Thank you so much! I really needed the ego booster today!

Here is the letter I am handing him tonight and will have him read with me there:

I just want to say that we should really only need to talk about the kids, our financial dealings and our relationship (though this one may not be much to talk about right now). I am truly done asking questions of your other doings, I want to know nothing more. Unless there are statements made about me and what I am doing to 'us' that drag my name down, those I would like to defend/talk about.

I don't care about Karrick or who else knows (unless I am going to get blindsided big time it would be nice to know that), I don't care where Ow resides (as long as it is not with our kids) or her finances (as long as she is getting no $$$ from you) and I do not care to hear the logic/reasoning behind this 'cold sore' issue.

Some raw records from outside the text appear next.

(* Let $\rho:\mathfrak{gl}_{n|n}\to\mathfrak{gl}(V)$ be an irreducible representation of the complex Lie superalgebra $\mathfrak{gl}_{n|n}$ on a finite-dimensional $\mathbb{Z}_2$-graded complex vector space $V=V_0\oplus V_1$ with $\dim V_0\ne\dim V_1$ (extend $\rho$ to the universal enveloping algebra). Then $\rho(I_\ell)=0$ for every $\ell\in\mathbb{N}$.
   Context: A standard basis of $\mathrm{End}(\mathbb{C}^{n|n})$ consists of $E^{\sigma\tau}_{ij}$ with $\sigma,\tau\in\{0,1\}$ and $i,j\in\{1,\dots,n\}$, of parity $\sigma+\tau\bmod 2$, satisfying $E^{\sigma\tau}_{ij}E^{\sigma'\tau'}_{i'j'}=\delta^{\tau\sigma'}\delta_{ji'}E^{\sigma\tau'}_{ij'}$ (here $\sigma=1$ labels the odd block $\mathbb{C}^n$ and $\sigma=0$ the even one). The Lie superalgebra bracket is the supercommutator. The degree-$\ell$ Casimir element of the universal enveloping algebra is $I_\ell=\sum E^{\sigma_1\sigma_2}_{j_1j_2}(-1)^{\sigma_2}E^{\sigma_2\sigma_3}_{j_2j_3}(-1)^{\sigma_3}\cdots E^{\sigma_{\ell-1}\sigma_\ell}_{j_{\ell-1}j_\ell}(-1)^{\sigma_\ell}E^{\sigma_\ell\sigma_1}_{j_\ell j_1}$, summed over all $\sigma_1,\dots,\sigma_\ell\in\{0,1\}$ and $j_1,\dots,j_\ell\in\{1,\dots,n\}$. A representation maps even elements to even operators and odd elements to odd operators and preserves brackets. *)

theory Defs
  imports Complex_Main "HOL-Library.FuncSet"
begin

text \<open>Operators on the super vector space V = C^(p|q), realised as C^N with N = p+q:
  coordinates a < p span the even part V_0, coordinates p <= a < N span the odd part V_1.
  Operators are N x N matrices given as functions (only entries below N matter).\<close>

type_synonym cmat = "nat \<Rightarrow> nat \<Rightarrow> complex"
type_synonym cvec = "nat \<Rightarrow> complex"

definition mmul :: "nat \<Rightarrow> cmat \<Rightarrow> cmat \<Rightarrow> cmat" where
  "mmul N A B = (\<lambda>a c. \<Sum>b<N. A a b * B b c)"

definition mone :: cmat where
  "mone = (\<lambda>a c. if a = c then 1 else 0)"

definition mlist_prod :: "nat \<Rightarrow> cmat list \<Rightarrow> cmat" where
  "mlist_prod N As = foldr (mmul N) As mone"

definition mvec :: "nat \<Rightarrow> cmat \<Rightarrow> cvec \<Rightarrow> cvec" where
  "mvec N A v = (\<lambda>a. if a < N then (\<Sum>b<N. A a b * v b) else 0)"

definition vpar :: "nat \<Rightarrow> nat \<Rightarrow> nat" where
  "vpar p a = (if a < p then 0 else 1)"

definition homog :: "nat \<Rightarrow> nat \<Rightarrow> nat \<Rightarrow> cmat \<Rightarrow> bool" where
  "homog p q d A \<longleftrightarrow> (\<forall>a<p+q. \<forall>b<p+q. A a b \<noteq> 0 \<longrightarrow> (vpar p a + vpar p b) mod 2 = d)"

definition epar :: "nat \<Rightarrow> nat \<Rightarrow> nat" where
  "epar \<sigma> \<tau> = (\<sigma> + \<tau>) mod 2"

definition supercomm :: "nat \<Rightarrow> nat \<Rightarrow> nat \<Rightarrow> cmat \<Rightarrow> cmat \<Rightarrow> cmat" where
  "supercomm N a b A B = (\<lambda>x y. mmul N A B x y - (-1) ^ (a * b) * mmul N B A x y)"

text \<open>A representation of gl(n|n) on C^(p|q), given (by linearity) by the images
  rho sigma tau i j of the basis elements E^{sigma tau}_{ij} (sigma, tau < 2, i, j < n):
  parity is respected and the supercommutator relations
  [E^{st}_{ij}, E^{s't'}_{i'j'}] = d_{ts'} d_{ji'} E^{st'}_{ij'}
      - (-1)^{|E||E'|} d_{t's} d_{j'i} E^{s't}_{i'j} are preserved.\<close>
definition is_rep :: "nat \<Rightarrow> nat \<Rightarrow> nat \<Rightarrow> (nat \<Rightarrow> nat \<Rightarrow> nat \<Rightarrow> nat \<Rightarrow> cmat) \<Rightarrow> bool" where
  "is_rep n p q \<rho> \<longleftrightarrow>
     (\<forall>\<sigma><2. \<forall>\<tau><2. \<forall>i<n. \<forall>j<n. homog p q (epar \<sigma> \<tau>) (\<rho> \<sigma> \<tau> i j)) \<and>
     (\<forall>\<sigma><2. \<forall>\<tau><2. \<forall>\<sigma>'<2. \<forall>\<tau>'<2. \<forall>i<n. \<forall>j<n. \<forall>i'<n. \<forall>j'<n. \<forall>x<p+q. \<forall>y<p+q.
        supercomm (p+q) (epar \<sigma> \<tau>) (epar \<sigma>' \<tau>') (\<rho> \<sigma> \<tau> i j) (\<rho> \<sigma>' \<tau>' i' j') x y =
          (if \<tau> = \<sigma>' \<and> j = i' then \<rho> \<sigma> \<tau>' i j' x y else 0)
          - (-1) ^ (epar \<sigma> \<tau> * epar \<sigma>' \<tau>') *
            (if \<tau>' = \<sigma> \<and> j' = i then \<rho> \<sigma>' \<tau> i' j x y else 0))"

definition vecs :: "nat \<Rightarrow> cvec set" where
  "vecs N = {v. \<forall>a\<ge>N. v a = 0}"

definition is_subspace :: "nat \<Rightarrow> cvec set \<Rightarrow> bool" where
  "is_subspace N W \<longleftrightarrow> W \<subseteq> vecs N \<and> (\<lambda>_. 0) \<in> W \<and>
     (\<forall>v\<in>W. \<forall>w\<in>W. (\<lambda>a. v a + w a) \<in> W) \<and> (\<forall>c. \<forall>v\<in>W. (\<lambda>a. c * v a) \<in> W)"

text \<open>Z2-graded subspace: W = (W \<inter> V_0) \<oplus> (W \<inter> V_1)\<close>
definition graded :: "nat \<Rightarrow> cvec set \<Rightarrow> bool" where
  "graded p W \<longleftrightarrow> (\<forall>w\<in>W. (\<lambda>a. if a < p then w a else 0) \<in> W)"

definition invariant :: "nat \<Rightarrow> nat \<Rightarrow> nat \<Rightarrow> (nat \<Rightarrow> nat \<Rightarrow> nat \<Rightarrow> nat \<Rightarrow> cmat) \<Rightarrow> cvec set \<Rightarrow> bool" where
  "invariant n p q \<rho> W \<longleftrightarrow>
     (\<forall>\<sigma><2. \<forall>\<tau><2. \<forall>i<n. \<forall>j<n. \<forall>w\<in>W. mvec (p+q) (\<rho> \<sigma> \<tau> i j) w \<in> W)"

definition irreducible_rep :: "nat \<Rightarrow> nat \<Rightarrow> nat \<Rightarrow> (nat \<Rightarrow> nat \<Rightarrow> nat \<Rightarrow> nat \<Rightarrow> cmat) \<Rightarrow> bool" where
  "irreducible_rep n p q \<rho> \<longleftrightarrow> 0 < p + q \<and>
     (\<forall>W. is_subspace (p+q) W \<and> graded p W \<and> invariant n p q \<rho> W \<longrightarrow>
          W = {\<lambda>_. 0} \<or> W = vecs (p+q))"

text \<open>image rho(I_l) of the degree-l Casimir element; indices k = 0..l-1 stand for 1..l,
  the factors are E^{s_k s_(k+1)}_{j_k j_(k+1)} (cyclically), with signs (-1)^{s_2+...+s_l}.\<close>
definition casimir_image :: "nat \<Rightarrow> nat \<Rightarrow> nat \<Rightarrow> (nat \<Rightarrow> nat \<Rightarrow> nat \<Rightarrow> nat \<Rightarrow> cmat) \<Rightarrow> nat \<Rightarrow> cmat" where
  "casimir_image n p q \<rho> l = (\<lambda>x y.
     (\<Sum>s\<in>{0..<l} \<rightarrow>\<^sub>E {0..<2}. \<Sum>j\<in>{0..<l} \<rightarrow>\<^sub>E {0..<n}.
        (-1) ^ (\<Sum>k\<in>{1..<l}. s k) *
           mlist_prod (p+q) (map (\<lambda>k. \<rho> (s k) (s ((k+1) mod l)) (j k) (j ((k+1) mod l))) [0..<l]) x y))"
lemma mult_eq_imp_split_eq:
  assumes a: "a \<in> sg_carrier T" and a_eq: "word a = v @ [(i, x)]" and x: "x \<in> sg_carrier (S i)"
    and s: "s \<in> sg_carrier T" and t: "t \<in> sg_carrier T" and eq: "sg_mult T a s = sg_mult T a t"
  shows "tail s = tail t \<and> sg_mult U (Some x) (proj (head s)) = sg_mult U (Some x) (proj (head t))"
proof -
  have "word (sg_mult T a s) = word (sg_mult T a t)"
    using eq by simp
  then have "fp_mult S [(i, x)] (fst (split_head (word s))) = fp_mult S [(i, x)] (fst (split_head (word t)))
      \<and> snd (split_head (word s)) = snd (split_head (word t))"
    using length_fp_mult_letter_split_head[of x]
    by (simp add: word_mult[OF a s] word_mult[OF a t] a_eq fp_mult_snoc_split_head length_Suc_conv)
  then have "tail s = tail t"
    and "emb (sg_mult U (Some x) (proj (head s))) = emb (sg_mult U (Some x) (proj (head t)))"
    using emb_mult_proj_head[OF x s] emb_mult_proj_head[OF x t] by (simp_all add: tail_def)
  moreover have "sg_mult U (Some x) (proj (head r)) \<in> sg_carrier U" if "r \<in> sg_carrier T" for r
    using head_tail_split[OF that] is_semigroup_closed[OF semigroup_U _ proj_in] x by simp
  ultimately show ?thesis
    using proj_emb s t by metis
qed

lemma fin_gen_r_ann_ending_in_factor:
  assumes a: "a \<in> sg_carrier T" and a_eq: "word a = v @ [(i, x)]"
    and fg: "fin_gen_right_congruence U (r_ann U (Some x))"
  shows "fin_gen_right_congruence T (r_ann T a)"
proof -
  have v: "reduced_word I S v" "v \<noteq> [] \<longrightarrow> fst (last v) \<noteq> i" and x: "x \<in> sg_carrier (S i)"
    using reduced_word_word[OF a] a_eq by (auto simp: reduced_word_append reduced_word_Cons)
  have "fp_mult S v [(i, x)] = v @ [(i, x)]"
    using v(2) by (auto simp: fp_mult_def)
  then have a_split: "a = sg_mult T (of_word v) (emb (Some x))"
    using of_word_mult[OF v(1), of "[(i, x)]"] i_in x of_word_word[OF a] a_eq
    by (simp add: emb_Some of_word_def reduced_word_Cons)
  have "{p \<in> R. p \<noteq> emb (proj p)} \<subseteq> {None}"
    by (auto elim!: R_cases simp: emb_Some proj_Some_letter)
  then have "finite {p \<in> R. p \<noteq> emb (proj p)}"
    by (rule finite_subset) simp
  moreover have "Some x \<in> sg_carrier U"
    using x by simp
  ultimately show ?thesis
    using retract.fin_gen_r_ann_of_split[OF _ of_word_in[OF v(1)] a_split emb_mult_R[OF x] _
        head_tail_split mult_eq_imp_split_eq[OF a a_eq x] fg]
    by blast
qed

end

context free_product_one
begin

lemma fin_right_equated_factor:
  assumes T: "fin_right_equated T" and i: "i \<in> I"
  shows "fin_right_equated (adjoin_one (S i))"
proof (rule fin_right_equated_adjoin_oneI)
  show "is_semigroup (S i)"
    using semigroup_factors i by blast
  fix x assume x: "x \<in> sg_carrier (S i)"
  interpret free_product_factor I S i
    using i x by unfold_locales auto
  show "fin_gen_right_congruence (adjoin_one (S i)) (r_ann (adjoin_one (S i)) (Some x))"
    using fin_gen_r_ann_factor[OF x] T letter_in_T[OF x] unfolding fin_right_equated_def by blast
qed

lemma fin_right_equated_free_product:
  assumes factors: "\<forall>i\<in>I. fin_right_equated (adjoin_one (S i))"
  shows "fin_right_equated T"
proof (rule fin_right_equated_adjoin_oneI[OF semigroup_F])
  fix w assume w: "w \<in> sg_carrier F"
  then have "w \<noteq> []" and w_reduced: "reduced_word I S w"
    by (simp_all add: carrier_F)
  then obtain v i x where w_eq: "w = v @ [(i, x)]"
    by (metis rev_exhaust prod.exhaust)
  then have i: "i \<in> I" and x: "x \<in> sg_carrier (S i)"
    using w_reduced by (simp_all add: reduced_word_append reduced_word_Cons)
  interpret free_product_factor I S i
    using i x by unfold_locales auto
  have "fin_gen_right_congruence U (r_ann U (Some x))"
    using factors i x unfolding fin_right_equated_def by simp
  then show "fin_gen_right_congruence T (r_ann T (Some w))"
    using fin_gen_r_ann_ending_in_factor[of "Some w" v x] w w_eq by (simp add: word_def)
qed

end

theorem mainTheorem9:
  fixes I :: "'i set" and S :: "'i \<Rightarrow> 'a sgrp"
  assumes "\<forall>i\<in>I. is_semigroup (S i)"
  shows "fin_right_equated (adjoin_one (free_product I S)) \<longleftrightarrow>
         (\<forall>i\<in>I. fin_right_equated (adjoin_one (S i)))"
proof -
  interpret free_product_one I S
    using assms by unfold_locales
  show ?thesis
    using fin_right_equated_factor fin_right_equated_free_product by (intro iffI ballI) simp_all
qed

end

I trust you will take precautions and not expose the kids to this when kissing them. I did a search on cold sores and they are highly contagious, even when there are no outlying symptoms.

So these are my new boundaries I hope you can understand where I am coming from. I need to start focusing on me I am withering away literally (both physically and emotionally) and I need to start healing too.

I need to trust (and this is hard for me right now) that you will be true to the four areas we talked about this past week and how you promised to honor each one of them for this I am grateful. Thank-you! signed Me


So this is it. No blame just the facts and me truly starting to let him go. I cannot even get myself to cry today - which is good! I am sure come Sat. (when he moves out) will be a diff story...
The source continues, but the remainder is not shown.